Martha and Herman, that year, gave me a manicure set which I thought was the most elegant thing I had ever possessed. There were three pieces in all, each one pearl handled, impressively boxed in a blue velvet case. Mr. Hanel, Reardan’s druggist, must have had the merchandise in stock for a long time, for the velvet had faded.
The next day, Gus was worse. Anne called Dr. T. M. Alquist, a close friend, who, harassed and weary from overwork, took the time to | drive out from Spokane. Gus’ flu had turned into pneumonia. In spite of all the nursing skill of Elsie and Anne, he grew progressively worse. Twice more Dr. Alquist came to tap Gus’ lungs of excess fluid, but it did not help. On January 1, 1919 our oldest brother was dead.
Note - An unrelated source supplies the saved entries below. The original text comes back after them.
lemma convex_on_wl1sq: "convex_on UNIV (wl1sq w)"
  unfolding wl1sq_def[abs_def]
  by (rule convex_on_power2[OF convex_on_weighted_l1]) (simp add: sum_nonneg)

locale weighted_l1sq =
  fixes \<rho> :: real and w :: "real^'n"
  assumes weights_nonneg: "\<And>i. 0 \<le> w$i" and rho_nonneg: "0 \<le> \<rho>"
begin

lemma inner_le_inner_Qmat: "v \<bullet> v \<le> v \<bullet> (Qmat \<rho> w *v v)"
  using rho_nonneg by (simp add: inner_Qmat)

lemma positive_definite_Qmat: "positive_definite (Qmat \<rho> w)"
  unfolding positive_definite_def
  using transpose_Qmat inner_le_inner_Qmat by (metis inner_gt_zero_iff order_less_le_trans)

lemma positive_definite_Qinv: "positive_definite (Qinv \<rho> w)"
  unfolding Qinv_def using positive_definite_Qmat by (rule positive_definite_matrix_inv)

lemma Qinv_Qmat: "Qinv \<rho> w *v (Qmat \<rho> w *v v) = v"
  unfolding Qinv_def
  by (rule matrix_inv_cancel_left[OF positive_definite_kernel[OF positive_definite_Qmat]])

lemma Qmat_Qinv: "Qmat \<rho> w *v (Qinv \<rho> w *v v) = v"
  unfolding Qinv_def
  by (rule matrix_inv_cancel_right[OF positive_definite_kernel[OF positive_definite_Qmat]])

definition kkt :: "real^'n \<Rightarrow> real^'n \<Rightarrow> bool" where
  "kkt b x \<longleftrightarrow> (\<forall>i. 0 \<le> x$i) \<and> (\<forall>i. (b - Qmat \<rho> w *v x)$i \<le> 0)
     \<and> (\<forall>i. (b - Qmat \<rho> w *v x)$i * x$i = 0)"

text \<open>With \<open>s = w \<bullet> x\<close> the KKT system forces \<open>x = max (b - 2 \<rho> s w) 0\<close>, so it reduces to the
  scalar equation \<open>s = (\<Sum>i. w\<^sub>i max (b\<^sub>i - 2 \<rho> s w\<^sub>i) 0)\<close>, which the intermediate value theorem
  solves on \<open>[0, \<Sum>i. w\<^sub>i max b\<^sub>i 0]\<close>.\<close>

lemma kkt_exists: "\<exists>x. kkt b x"
proof -
  define g where "g s = (\<Sum>i\<in>UNIV. w$i * max (b$i - 2 * \<rho> * w$i * s) 0) - s" for s
  define s0 where "s0 = (\<Sum>i\<in>UNIV. w$i * max (b$i) 0)"
  have "0 \<le> s0"
    unfolding s0_def using weights_nonneg by (simp add: sum_nonneg)
  have "0 \<le> g 0"
    unfolding g_def using weights_nonneg by (simp add: sum_nonneg)
  have "w$i * max (b$i - 2 * \<rho> * w$i * s0) 0 \<le> w$i * max (b$i) 0" for i
    using weights_nonneg[of i] rho_nonneg \<open>0 \<le> s0\<close>
    by (intro mult_left_mono max.mono) auto
  then have "(\<Sum>i\<in>UNIV. w$i * max (b$i - 2 * \<rho> * w$i * s0) 0) \<le> s0"
    unfolding s0_def by (rule sum_mono)
  then have "g s0 \<le> 0"
    unfolding g_def by simp
  moreover have "isCont g s" for s
    unfolding g_def by (intro continuous_intros)
  ultimately obtain s where "0 \<le> s" "g s = 0"
    using IVT2[of g s0 0 0] \<open>0 \<le> g 0\<close> \<open>0 \<le> s0\<close> by auto
  define x where "x = (\<chi> i. max (b$i - 2 * \<rho> * w$i * s) 0)"
  have "w \<bullet> x = s"
    using \<open>g s = 0\<close> unfolding g_def x_def inner_vec_def by simp
  then have \<mu>: "(b - Qmat \<rho> w *v x)$i = b$i - x$i - 2 * \<rho> * w$i * s" for i
    by (simp add: Qmat_mult algebra_simps)
  have "0 \<le> x$i \<and> b$i - x$i - 2 * \<rho> * w$i * s \<le> 0 \<and> (b$i - x$i - 2 * \<rho> * w$i * s) * x$i = 0"
    for i by (simp add: x_def max_def)
  then have "kkt b x"
    unfolding kkt_def \<mu> by blast
  then show ?thesis ..
qed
We were all in a daze as we stood at graveside for the final rites for Gus. Four soldiers from Fort Wright stood at attention and fired a volley of shots across the bier. The weather was bitter cold. The few clods of earth the minister dropped on the casket, were frozen solid.
Rose and Minna returned to college, Bertie to her school in Harrington, and Anne back to the hospital, while Elsie embittered with grief, returned to her family home in the valley. In less than a week, two more of our family, Lou and Herman came down with the flu. This time, Anne insisted they be brought by ambulance to St. Lukes Hospital. Martha drove into town so she could be near Herman. Papa and I carried on at home.
The moon grew to full that week, its light so bright on the crystallized snow, I was sure it was daytime. One morning, I awakened, dressed and made myself some warm cocoa on the dining room heater, coal banked to hold the heat through the night. Aroused by the noise, Papa came out into the dining room to see what was going on.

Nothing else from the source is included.